lemma norm_sq_le_of_row_bounds:
  fixes x :: "real^'n::finite^'d::finite"
  assumes bounds: "\<forall>i j. M i - s i \<le> x$i$j \<and> x$i$j \<le> M i"
    and "\<bar>\<Sum>i\<in>UNIV. M i\<bar> \<le> c" and rows: "\<forall>i i'. rowsum x i = rowsum x i'"
  shows "(norm x)\<^sup>2
    \<le> real CARD('n) * ((c + (\<Sum>i\<in>UNIV. s i))\<^sup>2 / real CARD('d) + (\<Sum>i\<in>UNIV. (s i)\<^sup>2) / 4)"
proof -
  define n where "n = real CARD('n)"
  define d where "d = real CARD('d)"
  obtain i0 :: 'd where True by simp
  \<comment> \<open>all rows share the mean \<open>\<rho>\<close>, which lies in every row's interval\<close>
  define \<rho> where "\<rho> = rowsum x i0 / n"
  have row_sum: "(\<Sum>j\<in>UNIV. x$i$j) = n * \<rho>" for i
    using rows by (simp add: \<rho>_def n_def rowsum_def)
  have "M i - s i \<le> \<rho> \<and> \<rho> \<le> M i" for i
  proof -
    have "n * (M i - s i) \<le> n * \<rho> \<and> n * \<rho> \<le> n * M i"
      using bounds sum_mono[of UNIV "\<lambda>_. M i - s i" "\<lambda>j. x$i$j"]
        sum_mono[of UNIV "\<lambda>j. x$i$j" "\<lambda>_. M i"]
      by (simp add: row_sum n_def)
    then show ?thesis by (simp add: n_def)
  qed
  then have "\<bar>d * \<rho>\<bar> \<le> c + (\<Sum>i\<in>UNIV. s i)"
    using assms(2) sum_mono[of UNIV "\<lambda>i. M i - s i" "\<lambda>_. \<rho>"] sum_mono[of UNIV "\<lambda>_. \<rho>" M]
    by (simp add: d_def sum_subtractf)
  then have "(d * \<rho>)\<^sup>2 \<le> (c + (\<Sum>i\<in>UNIV. s i))\<^sup>2"
    by (metis abs_ge_zero power2_abs power_mono)
  then have d\<rho>: "d * \<rho>\<^sup>2 \<le> (c + (\<Sum>i\<in>UNIV. s i))\<^sup>2 / d"
    by (simp add: d_def field_simps power2_eq_square)
  have "(norm x)\<^sup>2 = (\<Sum>i\<in>UNIV. \<Sum>j\<in>UNIV. (x$i$j)\<^sup>2)"
    by (simp add: norm_vec_def L2_set_def sum_nonneg)
  also have "\<dots> \<le> (\<Sum>i\<in>UNIV. n * (\<rho>\<^sup>2 + (s i)\<^sup>2 / 4))"
    using bounds row_sum
    by (intro sum_mono) (auto simp: n_def intro!: sum_squares_le_of_interval)
  also have "\<dots> = n * (d * \<rho>\<^sup>2 + (\<Sum>i\<in>UNIV. (s i)\<^sup>2) / 4)"
    by (simp add: d_def sum.distrib flip: sum_distrib_left sum_divide_distrib)
  also have "\<dots> \<le> n * ((c + (\<Sum>i\<in>UNIV. s i))\<^sup>2 / d + (\<Sum>i\<in>UNIV. (s i)\<^sup>2) / 4)"
    using d\<rho> by (simp add: n_def)
  finally show ?thesis by (simp add: n_def d_def)
qed
(* Let $n=n_1+n_2+n_3=m_1+m_2+m_3$ be partitions of $n$ into positive integers, let $G=U(n)$, let $L=U(n_1)\times U(n_2)\times U(n_3)$ and $H=U(m_1)\times U(m_2)\times U(m_3)$ be the natural block-diagonal subgroups of $G$, and let $G'=O(n)$. Then $LG'H\subsetneq G$.
   Context: $LG'H=\{xyz:x\in L,y\in G',z\in H\}$. *)

theory Defs
  imports Complex_Main "Jordan_Normal_Form.Matrix"
begin

definition ctrans :: "complex mat \<Rightarrow> complex mat" where
  "ctrans A = mat (dim_col A) (dim_row A) (\<lambda>(i,j). cnj (A $$ (j,i)))"

definition unitary_group :: "nat \<Rightarrow> complex mat set" where
  "unitary_group n = {U \<in> carrier_mat n n. U * ctrans U = 1\<^sub>m n}"

definition orthogonal_group :: "nat \<Rightarrow> complex mat set" where
  "orthogonal_group n = {U \<in> carrier_mat n n.
      (\<forall>i<n. \<forall>j<n. U $$ (i,j) \<in> \<real>) \<and> U * transpose_mat U = 1\<^sub>m n}"

definition block3 :: "nat \<Rightarrow> nat \<Rightarrow> nat \<Rightarrow> nat" where
  "block3 a b i = (if i < a then 0 else if i < a + b then 1 else 2)"

definition block_unitary3 :: "nat \<Rightarrow> nat \<Rightarrow> nat \<Rightarrow> complex mat set" where
  "block_unitary3 a b c = {U \<in> unitary_group (a + b + c).
      \<forall>i < a + b + c. \<forall>j < a + b + c. block3 a b i \<noteq> block3 a b j \<longrightarrow> U $$ (i,j) = 0}"

definition set_prod3 :: "complex mat set \<Rightarrow> complex mat set \<Rightarrow> complex mat set \<Rightarrow> complex mat set" where
  "set_prod3 X Y Z = {x * y * z | x y z. x \<in> X \<and> y \<in> Y \<and> z \<in> Z}"

end

theory Submission
  imports Defs "Jordan_Normal_Form.Determinant" "HOL-Combinatorics.Transposition"
begin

□ □ □ □

▶ TASK STATEMENT: Every one of the records is to be copied word for word.

▶ ANSWER SECTION:
lemma norm_sq_le_of_row_bounds:
  fixes x :: "real^'n::finite^'d::finite"
  assumes bounds: "\<forall>i j. M i - s i \<le> x$i$j \<and> x$i$j \<le> M i"
    and "\<bar>\<Sum>i\<in>UNIV. M i\<bar> \<le> c" and rows: "\<forall>i i'. rowsum x i = rowsum x i'"
  shows "(norm x)\<^sup>2
    \<le> real CARD('n) * ((c + (\<Sum>i\<in>UNIV. s i))\<^sup>2 / real CARD('d) + (\<Sum>i\<in>UNIV. (s i)\<^sup>2) / 4)"
proof -
  define n where "n = real CARD('n)"
  define d where "d = real CARD('d)"
  obtain i0 :: 'd where True by simp
  \<comment> \<open>all rows share the mean \<open>\<rho>\<close>, which lies in every row's interval\<close>
  define \<rho> where "\<rho> = rowsum x i0 / n"
  have row_sum: "(\<Sum>j\<in>UNIV. x$i$j) = n * \<rho>" for i
    using rows by (simp add: \<rho>_def n_def rowsum_def)
  have "M i - s i \<le> \<rho> \<and> \<rho> \<le> M i" for i
  proof -
    have "n * (M i - s i) \<le> n * \<rho> \<and> n * \<rho> \<le> n * M i"
      using bounds sum_mono[of UNIV "\<lambda>_. M i - s i" "\<lambda>j. x$i$j"]
        sum_mono[of UNIV "\<lambda>j. x$i$j" "\<lambda>_. M i"]
      by (simp add: row_sum n_def)
    then show ?thesis by (simp add: n_def)
  qed
  then have "\<bar>d * \<rho>\<bar> \<le> c + (\<Sum>i\<in>UNIV. s i)"
    using assms(2) sum_mono[of UNIV "\<lambda>i. M i - s i" "\<lambda>_. \<rho>"] sum_mono[of UNIV "\<lambda>_. \<rho>" M]
    by (simp add: d_def sum_subtractf)
  then have "(d * \<rho>)\<^sup>2 \<le> (c + (\<Sum>i\<in>UNIV. s i))\<^sup>2"
    by (metis abs_ge_zero power2_abs power_mono)
  then have d\<rho>: "d * \<rho>\<^sup>2 \<le> (c + (\<Sum>i\<in>UNIV. s i))\<^sup>2 / d"
    by (simp add: d_def field_simps power2_eq_square)
  have "(norm x)\<^sup>2 = (\<Sum>i\<in>UNIV. \<Sum>j\<in>UNIV. (x$i$j)\<^sup>2)"
    by (simp add: norm_vec_def L2_set_def sum_nonneg)
  also have "\<dots> \<le> (\<Sum>i\<in>UNIV. n * (\<rho>\<^sup>2 + (s i)\<^sup>2 / 4))"
    using bounds row_sum
    by (intro sum_mono) (auto simp: n_def intro!: sum_squares_le_of_interval)
  also have "\<dots> = n * (d * \<rho>\<^sup>2 + (\<Sum>i\<in>UNIV. (s i)\<^sup>2) / 4)"
    by (simp add: d_def sum.distrib flip: sum_distrib_left sum_divide_distrib)
  also have "\<dots> \<le> n * ((c + (\<Sum>i\<in>UNIV. s i))\<^sup>2 / d + (\<Sum>i\<in>UNIV. (s i)\<^sup>2) / 4)"
    using d\<rho> by (simp add: n_def)
  finally show ?thesis by (simp add: n_def d_def)
qed
(* Let $n=n_1+n_2+n_3=m_1+m_2+m_3$ be partitions of $n$ into positive integers, let $G=U(n)$, let $L=U(n_1)\times U(n_2)\times U(n_3)$ and $H=U(m_1)\times U(m_2)\times U(m_3)$ be the natural block-diagonal subgroups of $G$, and let $G'=O(n)$. Then $LG'H\subsetneq G$.
   Context: $LG'H=\{xyz:x\in L,y\in G',z\in H\}$. *)

theory Defs
  imports Complex_Main "Jordan_Normal_Form.Matrix"
begin

definition ctrans :: "complex mat \<Rightarrow> complex mat" where
  "ctrans A = mat (dim_col A) (dim_row A) (\<lambda>(i,j). cnj (A $$ (j,i)))"

definition unitary_group :: "nat \<Rightarrow> complex mat set" where
  "unitary_group n = {U \<in> carrier_mat n n. U * ctrans U = 1\<^sub>m n}"

definition orthogonal_group :: "nat \<Rightarrow> complex mat set" where
  "orthogonal_group n = {U \<in> carrier_mat n n.
      (\<forall>i<n. \<forall>j<n. U $$ (i,j) \<in> \<real>) \<and> U * transpose_mat U = 1\<^sub>m n}"

definition block3 :: "nat \<Rightarrow> nat \<Rightarrow> nat \<Rightarrow> nat" where
  "block3 a b i = (if i < a then 0 else if i < a + b then 1 else 2)"

definition block_unitary3 :: "nat \<Rightarrow> nat \<Rightarrow> nat \<Rightarrow> complex mat set" where
  "block_unitary3 a b c = {U \<in> unitary_group (a + b + c).
      \<forall>i < a + b + c. \<forall>j < a + b + c. block3 a b i \<noteq> block3 a b j \<longrightarrow> U $$ (i,j) = 0}"

definition set_prod3 :: "complex mat set \<Rightarrow> complex mat set \<Rightarrow> complex mat set \<Rightarrow> complex mat set" where
  "set_prod3 X Y Z = {x * y * z | x y z. x \<in> X \<and> y \<in> Y \<and> z \<in> Z}"

end

theory Submission
  imports Defs "Jordan_Normal_Form.Determinant" "HOL-Combinatorics.Transposition"
begin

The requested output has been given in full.